Шелестов заподозрил бы соблазнение, если бы круглую, крепкую, соломенную его голову могла посетить мысль о домогательствах со стороны Муразовой. Муразову можно было представить за каким угодно занятием, но с мужчиной — никогда. Сухая жердь, красное обветренное лицо, губы в нитку. Рассказывали о ее комиссарском прошлом.
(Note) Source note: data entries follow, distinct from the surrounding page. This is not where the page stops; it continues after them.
lemma finite_monomials: "finite (monomials n a)"
proof -
  let ?extend = "\<lambda>f i. if i < n then f i else 0"
  have "monomials n a \<subseteq> ?extend ` (PiE {..<n} (\<lambda>_. {..a}))"
  proof
    fix e assume e: "e \<in> monomials n a"
    have "e i \<le> a" if "i < n" for i
      using member_le_sum[of i "{..<n}" e] that e by (simp add: monomials_def)
    then have "restrict e {..<n} \<in> PiE {..<n} (\<lambda>_. {..a})" by auto
    moreover have "e = ?extend (restrict e {..<n})"
      using e by (auto simp: monomials_def fun_eq_iff)
    ultimately show "e \<in> ?extend ` (PiE {..<n} (\<lambda>_. {..a}))" by blast
  qed
  then show ?thesis by (rule finite_subset) (intro finite_imageI finite_PiE; simp)
qed

lemma hpoly_eval_mult_const:
  "hpoly_eval n a c (\<lambda>l. w * z l) = w ^ a * hpoly_eval n a c z"
proof -
  have "(\<Prod>i<n. (w * z i) ^ e i) = w ^ a * (\<Prod>i<n. z i ^ e i)" if "e \<in> monomials n a" for e
  proof -
    have "(\<Prod>i<n. (w * z i) ^ e i) = w ^ (\<Sum>i<n. e i) * (\<Prod>i<n. z i ^ e i)"
      by (simp add: power_mult_distrib prod.distrib power_sum)
    then show ?thesis using that by (simp add: monomials_def)
  qed
  then show ?thesis
    unfolding hpoly_eval_def by (simp add: sum_distrib_left algebra_simps cong: sum.cong)
qed

lemma monomials_comp_permutes:
  assumes "\<sigma> permutes {..<n}" "e \<in> monomials n a"
  shows "e \<circ> \<sigma> \<in> monomials n a"
proof -
  have "(\<Sum>i<n. e (\<sigma> i)) = (\<Sum>i<n. e i)"
    using sum.permute[OF assms(1), of e] by (simp add: comp_def)
  moreover have "\<forall>i\<ge>n. e (\<sigma> i) = 0" using assms by (auto simp: permutes_def monomials_def)
  ultimately show ?thesis using assms(2) by (simp add: monomials_def)
qed

lemma hpoly_eval_comp_permutes:
  assumes sym: "symmetric_coeffs n a c" and \<sigma>: "\<sigma> permutes {..<n}"
  shows "hpoly_eval n a c (z \<circ> \<sigma>) = hpoly_eval n a c z"
proof -
  let ?M = "monomials n a"
  have bij: "bij_betw (\<lambda>e. e \<circ> \<sigma>) ?M ?M"
  proof (rule bij_betw_byWitness[where f' = "\<lambda>e. e \<circ> inv \<sigma>"])
    show "\<forall>e\<in>?M. e \<circ> \<sigma> \<circ> inv \<sigma> = e"
      using \<sigma> by (auto simp: fun_eq_iff permutes_inverses(1))
    show "\<forall>e\<in>?M. e \<circ> inv \<sigma> \<circ> \<sigma> = e"
      using \<sigma> by (auto simp: fun_eq_iff permutes_inverses(2))
    show "(\<lambda>e. e \<circ> \<sigma>) ` ?M \<subseteq> ?M" using monomials_comp_permutes[OF \<sigma>] by auto
    show "(\<lambda>e. e \<circ> inv \<sigma>) ` ?M \<subseteq> ?M"
      using monomials_comp_permutes[OF permutes_inv[OF \<sigma>]] by auto
  qed
  have "hpoly_eval n a c (z \<circ> \<sigma>) = (\<Sum>e\<in>?M. c (e \<circ> \<sigma>) * (\<Prod>i<n. z (\<sigma> i) ^ e (\<sigma> i)))"
    using sum.reindex_bij_betw[OF bij, of "\<lambda>e. c e * (\<Prod>i<n. z (\<sigma> i) ^ e i)"]
    by (simp add: hpoly_eval_def)
  also have "\<dots> = (\<Sum>e\<in>?M. c e * (\<Prod>i<n. z i ^ e i))"
  proof (rule sum.cong[OF refl])
    fix e assume "e \<in> ?M"
    then have "c (e \<circ> \<sigma>) = c e" using sym \<sigma> by (simp add: symmetric_coeffs_def)
    moreover have "(\<Prod>i<n. z (\<sigma> i) ^ e (\<sigma> i)) = (\<Prod>i<n. z i ^ e i)"
      using prod.permute[OF \<sigma>, of "\<lambda>i. z i ^ e i"] by (simp add: comp_def)
    ultimately show "c (e \<circ> \<sigma>) * (\<Prod>i<n. z (\<sigma> i) ^ e (\<sigma> i)) = c e * (\<Prod>i<n. z i ^ e i)"
      by simp
  qed
  finally show ?thesis by (simp add: hpoly_eval_def)
qed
Домогательств Шелестов не опасался, а вот что вторгнется в первый том — это запросто. Федор Бутыкин в пивном подвале напротив «ЗиФа» рассказывал, что она из его «Чернозема» железной рукой вычистила все родные воронежские словечки — буторный, заматишный, пыжный. «Ну ты ж подумай! — кричал Бутыкин и бил вялым кулаком по мокрому деревянному столу. — Пыжный! Скажи „пыжный“ — и ты, ютить, видишь сугроб, жаркий, жирный, как, эт-сам, напыженный! Скажи „пышный“ — и что ты видишь? Ты видишь тьфу!» В жизни Бутыкин, правду сказать, выражался нецветисто, все больше матерно — никто б не угадал в нем автора «Чернозема», который, гутарили, и в Воронеже мало кто понял. «Эт-сам» через слово, и вся черноземность.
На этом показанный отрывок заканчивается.